CURRENT EXHIBITION

No Church in the Wild by Tempest Williams

Curated by interdisciplinary artist and curator Robert L. Hodge 

April 9th, 2026 - June 6th, 2026

About The Exhibit

Tempest Williams Explores Faith, Truth, Perceived Power, and Curiosity in No Church in the Wild. Curated by interdisciplinary artist and curator Robert L. Hodge 


No Church in the Wild, a new exhibition by Houston-based multidisciplinary artist Tempest Williams, examines the tension between sacred institutions vs. lived reality. Through layered collage and assemblage, Williams investigates the distance between doctrine and truth, sanctuary and control, spiritual refuge and systems of power that have historically shaped and at times constrained communities. 

 The exhibition’s title draws from the 2011 collaboration between Jay-Z and Kanye West featuring Frank Ocean, a cultural moment that explored themes of nihilism, moral ambiguity, and the destabilization of organized religion. The song suggests that in a “wild” or chaotic world, individuals are left to construct their own meaning and morality when traditional spiritual authority feels absent or fractured. Williams adopts this reference as conceptual grounding. Like the track, the exhibition asks what remains when inherited systems no longer provide clarity when faith, authority, and lived experience diverge. Across the Americas, religious authority has functioned not only as a site of worship but as a mechanism of order. Colonial-era Christian doctrines, including the 15th-century “Doctrine of Discovery,” provided theological justification for the claiming of lands and the subjugation of non-Christian peoples. These ideologies manifested through mission systems, forced conversions, and church-affiliated boarding schools that sought to erase Indigenous languages and cultural practices under the guise of “civilization.” In the United States, Catholic and Protestant institutions alike operated within economies of slavery and racial hierarchy, at times benefiting materially while maintaining moral authority. 

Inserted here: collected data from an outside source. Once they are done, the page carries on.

lemma non_child_cell_level:
  assumes "1 \<le> d" and \<sigma>: "\<sigma> \<in> new_faces d k n" and "\<tau> \<in> cells d k" and "\<sigma> \<subseteq> \<tau>"
    and "\<tau> \<notin> children k \<sigma>"
  shows "cell_level \<tau> = n"
proof (rule antisym)
  note \<sigma>_props = new_faces_props[OF assms(1) \<sigma>]
  show "cell_level \<tau> \<le> n"
  proof (cases "\<tau> = root d")
    case False
    then obtain m \<rho> where \<rho>: "\<rho> \<in> new_faces d k m" and \<tau>: "\<tau> \<in> children k \<rho>"
      using assms(3) cells_cases by blast
    then obtain j where \<tau>_eq: "\<tau> = insert (New (Abs_fset \<rho>) j) \<rho>" using children_def by auto
    have "New (Abs_fset \<rho>) j \<in> \<sigma>"
    proof (rule ccontr)
      assume "New (Abs_fset \<rho>) j \<notin> \<sigma>"
      then have "\<sigma> \<subseteq> \<rho>" using assms(4) \<tau>_eq by auto
      then have "\<sigma> = \<rho>"
        using card_subset_eq[OF new_faces_props(1)[OF assms(1) \<rho>]] new_faces_props(2)[OF assms(1) \<rho>]
          \<sigma>_props(2) by simp
      then show False using assms(5) \<tau> by simp
    qed
    then have "vtx_level (New (Abs_fset \<rho>) j) \<le> n"
      using vtx_level_le_cell_level[OF \<sigma>_props(1)] \<sigma>_props(3) by fastforce
    then show ?thesis
      using vtx_level_new_vertex[OF assms(1) \<rho>] child_props(3)[OF assms(1) \<rho> \<tau>] by simp
  qed (simp add: cell_level_root)
  have "\<sigma> \<noteq> {}" using \<sigma>_props assms(1) by auto
  then show "n \<le> cell_level \<tau>"
    using cell_level_mono[OF cell_props(1)[OF assms(1,3)] assms(4)] \<sigma>_props(3) by simp
qed

lemma unique_cell_of_level_above:
  assumes "1 \<le> d" and \<sigma>: "\<sigma> \<in> new_faces d k n"
  obtains \<rho> where "\<rho> \<in> delta d k \<sigma>" "cell_level \<rho> = n"
    "\<And>\<tau>. \<tau> \<in> delta d k \<sigma> \<Longrightarrow> cell_level \<tau> = n \<Longrightarrow> \<tau> = \<rho>"
proof (cases n)
  case 0
  then have "root d \<in> delta d k \<sigma>" using \<sigma> root_in_cells unfolding delta_def by auto
  moreover have "\<tau> = root d" if "\<tau> \<in> delta d k \<sigma>" "cell_level \<tau> = n" for \<tau>
    using that 0 cell_level_eq_0_imp_root[OF assms(1)] unfolding delta_def by blast
  ultimately show thesis using that 0 cell_level_root by blast
next
  case (Suc m)
  then obtain \<rho> j w where \<sigma>_eq: "\<sigma> = insert (New (Abs_fset \<rho>) j) (\<rho> - {w})"
    and \<rho>: "\<rho> \<in> new_faces d k m" and j: "j \<in> {1..<k}" using \<sigma> by auto
  have child: "insert (New (Abs_fset \<rho>) j) \<rho> \<in> children k \<rho>" using j children_def by auto
  show thesis
  proof (rule that)
    show "insert (New (Abs_fset \<rho>) j) \<rho> \<in> delta d k \<sigma>"
      using \<sigma>_eq child_props(1)[OF assms(1) \<rho> child] unfolding delta_def by auto
    show "cell_level (insert (New (Abs_fset \<rho>) j) \<rho>) = n"
      using child_props(3)[OF assms(1) \<rho> child] Suc by simp
    show "\<tau> = insert (New (Abs_fset \<rho>) j) \<rho>" if "\<tau> \<in> delta d k \<sigma>" "cell_level \<tau> = n" for \<tau>
    proof (rule cell_of_level_containing_new_vertex[OF assms(1) \<rho>])
      show "\<tau> \<in> cells d k" "New (Abs_fset \<rho>) j \<in> \<tau>" using that(1) \<sigma>_eq unfolding delta_def by auto
    qed (use that(2) Suc in simp)
  qed
qed

lemma new_face_parent:
  assumes "1 \<le> d" and \<sigma>: "\<sigma> \<in> new_faces d k n"
  obtains \<rho> where "\<rho> \<in> delta d k \<sigma>" "cell_level \<rho> = n" "delta d k \<sigma> = insert \<rho> (children k \<sigma>)"
proof -
  obtain \<rho> where \<rho>: "\<rho> \<in> delta d k \<sigma>" "cell_level \<rho> = n"
    and unique: "\<And>\<tau>. \<tau> \<in> delta d k \<sigma> \<Longrightarrow> cell_level \<tau> = n \<Longrightarrow> \<tau> = \<rho>"
    using unique_cell_of_level_above[OF assms] by blast
  have "delta d k \<sigma> \<subseteq> insert \<rho> (children k \<sigma>)"
  proof
    fix \<tau> assume \<tau>: "\<tau> \<in> delta d k \<sigma>"
    show "\<tau> \<in> insert \<rho> (children k \<sigma>)"
    proof (cases "\<tau> \<in> children k \<sigma>")
      case False
      then have "cell_level \<tau> = n" using \<tau> non_child_cell_level[OF assms] unfolding delta_def by simp
      then show ?thesis using unique[OF \<tau>] by simp
    qed simp
  qed
  moreover have "insert \<rho> (children k \<sigma>) \<subseteq> delta d k \<sigma>"
    using \<rho>(1) child_props(1,2)[OF assms] unfolding delta_def by blast
  ultimately show thesis using that \<rho> by blast
qed

lemma card_delta:
  assumes "1 \<le> d" and "1 \<le> k" and "\<sigma> \<in> faces d k"
  shows "finite (delta d k \<sigma>)" "card (delta d k \<sigma>) = k"
proof -
  obtain n where \<sigma>: "\<sigma> \<in> new_faces d k n" using faces_in_new_faces[OF assms(1,3)] by blast
  obtain \<rho> where \<rho>: "cell_level \<rho> = n" and delta_eq: "delta d k \<sigma> = insert \<rho> (children k \<sigma>)"
    using new_face_parent[OF assms(1) \<sigma>] by blast
  have "\<rho> \<notin> children k \<sigma>"
  proof
    assume "\<rho> \<in> children k \<sigma>"
    with \<rho> show False using child_props(3)[OF assms(1) \<sigma>] by simp
  qed
  moreover have "finite (children k \<sigma>)" by (simp add: children_def)
  ultimately show "finite (delta d k \<sigma>)" "card (delta d k \<sigma>) = k"
    unfolding delta_eq using card_children[OF assms(1) \<sigma>] assms(2) by simp_all
qed

lemma face_of_child:
  assumes "1 \<le> d" and \<sigma>: "\<sigma> \<in> new_faces d k n" and \<tau>: "\<tau> \<in> children k \<sigma>"
  shows "\<sigma> \<in> faces d k"
proof -
  obtain j where "\<tau> = insert (New (Abs_fset \<sigma>) j) \<sigma>" using \<tau> children_def by auto
  then have "\<sigma> = \<tau> - {New (Abs_fset \<sigma>) j}" "New (Abs_fset \<sigma>) j \<in> \<tau>"
    using new_vertex_notin_face[OF assms(1) \<sigma>] by auto
  then show ?thesis using child_props(1)[OF assms] unfolding faces_def by blast
qed

lemma parent_unique:
  assumes "1 \<le> d" and \<sigma>: "\<sigma> \<in> new_faces d k n"
    and "\<tau>1 \<in> delta d k \<sigma>" "\<tau>1 \<notin> children k \<sigma>" "\<tau>2 \<in> delta d k \<sigma>" "\<tau>2 \<notin> children k \<sigma>"
  shows "\<tau>1 = \<tau>2"
  using new_face_parent[OF assms(1,2)] assms(3-6) by (metis insertE)

lemma cell_level_Suc_imp_child:
  assumes "1 \<le> d" and "\<tau> \<in> cells d k" and "cell_level \<tau> = Suc n"
  obtains \<rho> where "\<rho> \<in> new_faces d k n" "\<tau> \<in> children k \<rho>"
proof -
  have "\<tau> \<noteq> root d" using assms(3) cell_level_root by auto
  then obtain m \<rho> where \<rho>: "\<rho> \<in> new_faces d k m" "\<tau> \<in> children k \<rho>" using assms(2) cells_cases by blast
  moreover have "m = n" using child_props(3)[OF assms(1) \<rho>] assms(3) by simp
  ultimately show thesis using that by blast
qed

lemma cell_level_delta:
  assumes "1 \<le> d" and \<sigma>: "\<sigma> \<in> new_faces d k n" and "\<tau> \<in> delta d k \<sigma>"
  shows "n \<le> cell_level \<tau>" "cell_level \<tau> \<le> Suc n"
proof -
  obtain \<rho> where "cell_level \<rho> = n" "delta d k \<sigma> = insert \<rho> (children k \<sigma>)"
    using new_face_parent[OF assms(1,2)] by blast
  then have "cell_level \<tau> = n \<or> cell_level \<tau> = Suc n"
    using assms(3) child_props(3)[OF assms(1,2)] by auto
  then show "n \<le> cell_level \<tau>" "cell_level \<tau> \<le> Suc n" by auto
qed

 Williams does not approach this history as distant scholarship; she approaches it as Inheritance. 

 Rooted in Houston’s Greater Fifth Ward, Williams creates work that feels both archival and immediate. Through collage, she merges contemporary materials with devotional iconography, family photographs, and fragments of historical imagery. Her compositions situate her within a lineage of artists who understand image-making as testimony. The spiritual symbolism of John Biggers, the moral clarity of Charles White, and the reclamation practices of Betye Saar resonate throughout her visual language of found objects and recontextualized symbols. 

 Her practice is not an accusation; it is excavation. 

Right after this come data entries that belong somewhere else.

(* Let $\delta>0$, let $Z\in\mathbb{R}^{N\times r}$ with $\operatorname{rank}(Z)=r$, and let $Z=U\Lambda V$ be its compact singular value decomposition, where $U\in\mathbb{R}^{N\times r}$ has orthonormal columns, $\Lambda\in\mathbb{R}^{r\times r}$ is diagonal with positive diagonal entries, and $V\in\mathbb{R}^{r\times r}$ is orthogonal. Then the Euclidean gradient of $F_\delta$ at $Z$ is $$\nabla F_\delta(Z)=(I_N-UU^T)\,D_\delta(UV)\,U\Lambda^{-1}V.$$
   Context: The Huber function is $H_\delta(x)=x-\delta/2$ for $x\ge\delta$ and $H_\delta(x)=x^2/(2\delta)$ for $0\le x<\delta$; its derivative is $H_\delta'(x)=1$ for $x\ge\delta$ and $H_\delta'(x)=x/\delta$ for $0\le x<\delta$. For $Z\in\mathbb{R}^{N\times r}$ of rank $r$, $F_\delta(Z)=\sum_{n=1}^N\big[H_\delta(\|(Z(Z^TZ)^{-1/2})[n]\|_2)+\delta/2\big]$, where $(\cdot)[n]$ denotes the $n$-th row. $I_N$ is the $N\times N$ identity matrix. For $W\in\mathbb{R}^{N\times r}$, $D_\delta(W)$ is the $N\times N$ diagonal matrix with $D_\delta(W)_{i,i}=H_\delta'(\|W[i,:]\|_2)/\|W[i,:]\|_2$ if the $i$-th row $W[i,:]$ is non-zero and $D_\delta(W)_{i,i}=0$ otherwise. *)

theory Defs
  imports "HOL-Analysis.Analysis"
begin

text \<open>Matrices in R^(N x r) are represented as real^'r^'n (row index 'n, column index 'r);
  the n-th row of M is M $ n.\<close>

definition huber :: "real \<Rightarrow> real \<Rightarrow> real" where
  "huber \<delta> x = (if x \<ge> \<delta> then x - \<delta> / 2 else x\<^sup>2 / (2 * \<delta>))"

definition huber_deriv :: "real \<Rightarrow> real \<Rightarrow> real" where
  "huber_deriv \<delta> x = (if x \<ge> \<delta> then 1 else x / \<delta>)"

definition pos_def_matrix :: "real^'r^'r \<Rightarrow> bool" where
  "pos_def_matrix S \<longleftrightarrow> (\<forall>x. x \<noteq> 0 \<longrightarrow> x \<bullet> (S *v x) > 0)"

definition mat_inv_sqrt :: "real^'r^'r \<Rightarrow> real^'r^'r" where
  "mat_inv_sqrt A = (THE S. transpose S = S \<and> pos_def_matrix S \<and> S ** S = matrix_inv A)"

definition F_huber :: "real \<Rightarrow> real^'r^'n \<Rightarrow> real" where
  "F_huber \<delta> Z = (let W = Z ** mat_inv_sqrt (transpose Z ** Z) in
     (\<Sum>n\<in>UNIV. huber \<delta> (norm (W $ n)) + \<delta> / 2))"

definition D_huber :: "real \<Rightarrow> real^'r^'n \<Rightarrow> real^'n^'n" where
  "D_huber \<delta> W = (\<chi> i j. if i = j \<and> W $ i \<noteq> 0
      then huber_deriv \<delta> (norm (W $ i)) / norm (W $ i) else 0)"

 Fragmented photographs from various sources and religious imagery coexist with contemporary textures, reflecting how history itself is layered, edited, softened, and sometimes weaponized. In No Church in the Wild, the Church is neither singular villain nor singular sanctuary. It is a contested structure, one that has offered comfort and community while also participating in systems of indoctrination, assimilation, and racial control. For Black and Indigenous communities, Christianity has often been experienced as duality: imposed belief and reclaimed faith, spiritual survival and structural harm. Boarding schools severed children from language and kin. Enslaved Africans were evangelized within plantation economies that preached salvation while enforcing bondage. Yet within these imposed frameworks, communities forged reinterpretation, resistance, and adaptation. Williams ultimately invites viewers to leave not with fixed answers, but with sharpened curiosity. She urges audiences to examine archives, question authorship, and hold reverence and critique simultaneously. In her work, faith and inquiry coexist in the pursuit of clarity. Through material memory, Williams preserves community voices with transparency and potency. All the materials Williams uses functions as evidence, and clues to research disguised as paintings that allow you to simply enjoy the art or deep dive into the messaging. The viewer is repositioned not as a passive observer, but as a witness.  

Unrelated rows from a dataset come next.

lemma sum_level_maps_eq_profile_sum:
  fixes x :: "nat \<Rightarrow> 'a::comm_semiring_1"
  shows "(\<Sum>L\<in>level_maps n A k. \<Prod>c<n. x (L c)) = profile_sum n A k x"
proof -
  have "(\<Sum>L\<in>level_maps n A k. \<Prod>c<n. x (L c))
      = (\<Sum>i\<in>index_tuples n A k. \<Sum>L | L \<in> level_maps n A k \<and> level_profile n A L = i. \<Prod>c<n. x (L c))"
    using level_profile_in_index_tuples
    by (intro sum.group[symmetric] finite_level_maps finite_index_tuples) auto
  also have "\<dots> = profile_sum n A k x" unfolding profile_sum_def
  proof (rule sum.cong[OF refl])
    fix i assume i: "i \<in> index_tuples n A k"
    have summand: "(\<Prod>c<n. x (L c)) = (\<Prod>j\<in>{0..A}. x j ^ (i (j + 1) - i j))"
      if "L \<in> level_maps n A k" "level_profile n A L = i" for L
    proof -
      have "L \<in> {0..<n} \<rightarrow> {0..A}" using that(1) by (auto simp: level_maps_def PiE_def)
      from prod_comp_eq_prod_power_card[OF _ this, of x] show ?thesis
        using that(2) by (auto simp: level_profile_def atLeast0LessThan)
    qed
    have "card {L \<in> level_maps n A k. level_profile n A L = i} = (\<Prod>j\<le>A. i (Suc j) choose i j)"
      unfolding level_maps_with_profile[OF i]
    proof (rule card_PiE_with_level_counts)
      show "\<forall>j\<le>A. i j \<le> i (Suc j)"
      proof (intro allI impI)
        fix j assume "j \<le> A"
        then show "i j \<le> i (Suc j)" using i by (cases "j = 0") (auto simp: index_tuples_def)
      qed
    qed (use i in \<open>auto simp: index_tuples_def\<close>)
    then show "(\<Sum>L | L \<in> level_maps n A k \<and> level_profile n A L = i. \<Prod>c<n. x (L c))
        = (\<Prod>j\<in>{0..A}. of_nat (i (j + 1) choose i j) * x j ^ (i (j + 1) - i j))"
      by (simp add: summand prod.distrib atLeast0AtMost)
  qed
  finally show ?thesis .
qed

section \<open>Entire formal power series\<close>

definition entire_fps :: "'a::{banach, real_normed_field} fps \<Rightarrow> bool" where
  "entire_fps f \<longleftrightarrow> fps_conv_radius f = \<infinity>"

lemma entire_fps_add: "entire_fps f \<Longrightarrow> entire_fps g \<Longrightarrow> entire_fps (f + g)"
  using fps_conv_radius_add[of f g] by (simp add: entire_fps_def)

lemma entire_fps_diff: "entire_fps f \<Longrightarrow> entire_fps g \<Longrightarrow> entire_fps (f - g)"
  using fps_conv_radius_diff[of f g] by (simp add: entire_fps_def)

lemma entire_fps_mult: "entire_fps f \<Longrightarrow> entire_fps g \<Longrightarrow> entire_fps (f * g)"
  using fps_conv_radius_mult[of f g] by (simp add: entire_fps_def)

lemma entire_fps_power: "entire_fps f \<Longrightarrow> entire_fps (f ^ k)"
  using fps_conv_radius_power[of f k] by (simp add: entire_fps_def)

lemma entire_fps_sum: "(\<And>x. x \<in> S \<Longrightarrow> entire_fps (f x)) \<Longrightarrow> entire_fps (\<Sum>x\<in>S. f x)"
  by (induction S rule: infinite_finite_induct) (auto simp: entire_fps_def[of 0] intro: entire_fps_add)

lemma entire_fps_prod: "(\<And>x. x \<in> S \<Longrightarrow> entire_fps (f x)) \<Longrightarrow> entire_fps (\<Prod>x\<in>S. f x)"
  by (induction S rule: infinite_finite_induct) (auto simp: entire_fps_def[of 1] intro: entire_fps_mult)

lemma entire_fps_basic [simp]:
  "entire_fps (fps_const c)" "entire_fps (of_nat m)" "entire_fps (fps_X ^ m)" "entire_fps (fps_exp c)"
  by (simp_all add: entire_fps_def fps_of_nat[symmetric])

lemma norm_less_conv_radius_entire: "entire_fps f \<Longrightarrow> ereal (norm z) < fps_conv_radius f"
  by (simp add: entire_fps_def)

lemma eval_fps_add_entire: "entire_fps f \<Longrightarrow> entire_fps g \<Longrightarrow> eval_fps (f + g) z = eval_fps f z + eval_fps g z"
  by (intro eval_fps_add norm_less_conv_radius_entire)

lemma eval_fps_diff_entire: "entire_fps f \<Longrightarrow> entire_fps g \<Longrightarrow> eval_fps (f - g) z = eval_fps f z - eval_fps g z"
  by (intro eval_fps_diff norm_less_conv_radius_entire)

lemma eval_fps_mult_entire: "entire_fps f \<Longrightarrow> entire_fps g \<Longrightarrow> eval_fps (f * g) z = eval_fps f z * eval_fps g z"
  by (intro eval_fps_mult norm_less_conv_radius_entire)

lemma eval_fps_power_entire: "entire_fps f \<Longrightarrow> eval_fps (f ^ k) z = eval_fps f z ^ k"
  by (intro eval_fps_power norm_less_conv_radius_entire)

lemma eval_fps_sum_entire:
  "(\<And>x. x \<in> S \<Longrightarrow> entire_fps (f x)) \<Longrightarrow> eval_fps (\<Sum>x\<in>S. f x) z = (\<Sum>x\<in>S. eval_fps (f x) z)"
  by (induction S rule: infinite_finite_induct) (auto simp: eval_fps_add_entire entire_fps_sum)

lemma eval_fps_prod_entire:
  "(\<And>x. x \<in> S \<Longrightarrow> entire_fps (f x)) \<Longrightarrow> eval_fps (\<Prod>x\<in>S. f x) z = (\<Prod>x\<in>S. eval_fps (f x) z)"
  by (induction S rule: infinite_finite_induct) (auto simp: eval_fps_mult_entire entire_fps_prod)

lemma entire_profile_sum:
  "(\<And>j. entire_fps (D j)) \<Longrightarrow> entire_fps (profile_sum n A k D)"
  unfolding profile_sum_def by (intro entire_fps_sum entire_fps_prod entire_fps_mult entire_fps_power) simp_all

lemma eval_fps_profile_sum:
  assumes "\<And>j. entire_fps (D j)"
  shows "eval_fps (profile_sum n A k D) z = profile_sum n A k (\<lambda>j. eval_fps (D j) z)"
  unfolding profile_sum_def using assms
  by (simp add: eval_fps_sum_entire eval_fps_prod_entire eval_fps_mult_entire eval_fps_power_entire
      entire_fps_prod entire_fps_mult entire_fps_power fps_of_nat[symmetric])

definition S_fps :: "enat \<Rightarrow> complex fps" where
  "S_fps e = (case e of \<infinity> \<Rightarrow> fps_exp 1 | enat r \<Rightarrow> (\<Sum>j<r. fps_const (1 / fact j) * fps_X ^ j))"

lemma entire_S_fps: "entire_fps (S_fps e)"
  by (cases e) (auto simp: S_fps_def intro!: entire_fps_sum entire_fps_mult)

lemma eval_S_fps: "eval_fps (S_fps e) z = S_ext e z"
  by (cases e) (simp_all add: S_fps_def S_ext_def S_trunc_def eval_fps_sum_entire eval_fps_mult_entire entire_fps_mult)

lemma fps_nth_S_fps: "fps_nth (S_fps e) t = (if enat t < e then 1 / fact t else 0)"
proof (cases e)
  case (enat r)
  have "fps_nth (S_fps e) t = (\<Sum>j<r. (1 / fact j) * (if t = j then 1 else 0))"
    unfolding enat S_fps_def by (simp add: fps_sum_nth fps_X_power_iff)
  also have "\<dots> = (if t < r then 1 / fact t else 0)"
    by (simp add: if_distrib[of "\<lambda>x. _ * x"] sum.delta' cong: if_cong)
  finally show ?thesis by (simp add: enat)
qed (simp add: S_fps_def)

section \<open>Levels of coupon counts\<close>

definition level :: "nat \<Rightarrow> (nat \<Rightarrow> nat) \<Rightarrow> nat \<Rightarrow> nat" where
  "level A m r = card {j\<in>{1..A}. r < m j}"

lemma decreasing_threshold_le:
  fixes m :: "nat \<Rightarrow> nat" and j j' A :: nat
  assumes dec: "\<forall>j\<in>{1..<A}. m (j + 1) < m j" and "1 \<le> j" "j \<le> j'" "j' \<le> A"
  shows "m j' \<le> m j"
  using assms(3,4)
proof (induction j' rule: dec_induct)
  case (step q)
  then have "m (q + 1) < m q" using dec assms(2) by auto
  then show ?case using step by simp
qed simp

lemma level_le: "level A m r \<le> A"
proof -
  have "level A m r \<le> card {1..A}" unfolding level_def by (rule card_mono) auto
  then show ?thesis by simp
qed

lemma level_less_iff:
  assumes dec: "\<forall>j\<in>{1..<A}. m (j + 1) < m j" and j: "j \<in> {1..A}"
  shows "level A m r < j \<longleftrightarrow> m j \<le> r"
proof
  assume "level A m r < j"
  show "m j \<le> r"
  proof (rule ccontr)
    assume "\<not> m j \<le> r"
    then have "{1..j} \<subseteq> {j'\<in>{1..A}. r < m j'}" using j decreasing_threshold_le[OF dec] by fastforce
    then have "card {1..j} \<le> level A m r" unfolding level_def by (intro card_mono) auto
    with \<open>level A m r < j\<close> show False by simp
  qed
next
  assume "m j \<le> r"
  have "{j'\<in>{1..A}. r < m j'} \<subseteq> {1..<j}"
  proof
    fix j' assume j': "j' \<in> {j'\<in>{1..A}. r < m j'}"
    show "j' \<in> {1..<j}"
    proof (rule ccontr)
      assume "j' \<notin> {1..<j}"
      then have "m j' \<le> m j" using decreasing_threshold_le[OF dec] j j' by auto
      with j' \<open>m j \<le> r\<close> show False by auto
    qed
  qed
  then have "level A m r \<le> card {1..<j}" unfolding level_def by (intro card_mono) auto
  then show "level A m r < j" using j by auto
qed

lemma m_ext_le_enat_iff:
  assumes dec: "\<forall>j\<in>{1..<A}. m (j + 1) < m j" and "j \<le> A + 1"
  shows "m_ext A m j \<le> enat r \<longleftrightarrow> level A m r < j"
proof -
  consider "j = 0" | "j = A + 1" | "j \<in> {1..A}" using assms(2) by fastforce
  then show ?thesis
  proof cases
    case 2 then show ?thesis using level_le[of A m r] by (simp add: m_ext_def)
  next
    case 3 then show ?thesis using level_less_iff[OF dec 3] by (auto simp: m_ext_def)
  qed (simp add: m_ext_def)
qed

lemma set_egf_level_eq:
  assumes dec: "\<forall>j\<in>{1..<A}. m (j + 1) < m j" and "j \<le> A"
  shows "set_egf {r. level A m r = j} = S_fps (m_ext A m j) - S_fps (m_ext A m (j + 1))"
proof (rule fps_ext)
  fix t
  have "enat t < m_ext A m j \<longleftrightarrow> \<not> level A m t < j"
    and "enat t < m_ext A m (j + 1) \<longleftrightarrow> \<not> level A m t < j + 1"
    using m_ext_le_enat_iff[OF dec, of j t] m_ext_le_enat_iff[OF dec, of "j + 1" t] assms(2)
    by (auto simp flip: not_le)
  then show "fps_nth (set_egf {r. level A m r = j}) t
      = fps_nth (S_fps (m_ext A m j) - S_fps (m_ext A m (j + 1))) t"
    by (auto simp: set_egf_def fps_nth_S_fps)
qed

lemma reached_iff_level:
  assumes dec: "\<forall>j\<in>{1..<A}. m (j + 1) < m j"
  shows "reached n A k m w \<longleftrightarrow> (\<forall>j\<in>{1..A}. k j \<le> card {c\<in>{0..<n}. level A m (count_list w c) < j})"
proof -
  have "{c\<in>{0..<n}. level A m (count_list w c) < j} = {c\<in>{0..<n}. m j \<le> count_list w c}"
    if "j \<in> {1..A}" for j
    using level_less_iff[OF dec that] by auto
  then show ?thesis unfolding reached_def by auto
qed

lemma card_reached_eq_sum_level_maps:
  assumes dec: "\<forall>j\<in>{1..<A}. m (j + 1) < m j"
  shows "card {w\<in>samples n t. reached n A k m w}
       = (\<Sum>L\<in>level_maps n A k. card (words_with_counts n t (\<lambda>c. {r. level A m r = L c})))"
proof -
  define levels where "levels w = restrict (\<lambda>c. level A m (count_list w c)) {0..<n}" for w
  have levels_less: "{c\<in>{0..<n}. levels w c < j} = {c\<in>{0..<n}. level A m (count_list w c) < j}" for w j
    by (auto simp: levels_def)
  have "levels w \<in> {0..<n} \<rightarrow>\<^sub>E {0..A}" for w
    using level_le[of A m] by (auto simp: levels_def)
  then have "reached n A k m w \<longleftrightarrow> levels w \<in> level_maps n A k" for w
    unfolding reached_iff_level[OF dec] level_maps_def mem_Collect_eq levels_less by blast
  then have "{w\<in>samples n t. reached n A k m w} = (\<Union>L\<in>level_maps n A k. {w\<in>samples n t. levels w = L})"
    by auto
  then have "card {w\<in>samples n t. reached n A k m w}
      = (\<Sum>L\<in>level_maps n A k. card {w\<in>samples n t. levels w = L})"
    by (simp only:) (rule card_UN_disjoint, auto simp: finite_level_maps finite_samples)
  also have "\<dots> = (\<Sum>L\<in>level_maps n A k. card (words_with_counts n t (\<lambda>c. {r. level A m r = L c})))"
    by (intro sum.cong refl arg_cong[where f = card])
       (auto simp: words_with_counts_def levels_def level_maps_def PiE_def extensional_def fun_eq_iff)
  finally show ?thesis .
qed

 In No Church in the Wild, Williams reminds us that institutions may attempt to shape identity, but identity, memory, and ancestry endures through us, the people. 

About The Curator

Robert Hodge is a Houston-based interdisciplinary artist born in 1979 and raised in the city's historic Third Ward, whose multidisciplinary practice explores themes of memory, commemoration, resilience, and reclamation — often honoring African American musical and cultural icons through multimedia works. 

He has exhibited widely, received awards like the Artadia grant, and continues to contribute to the Houston art community as a creative director, curator, and producer.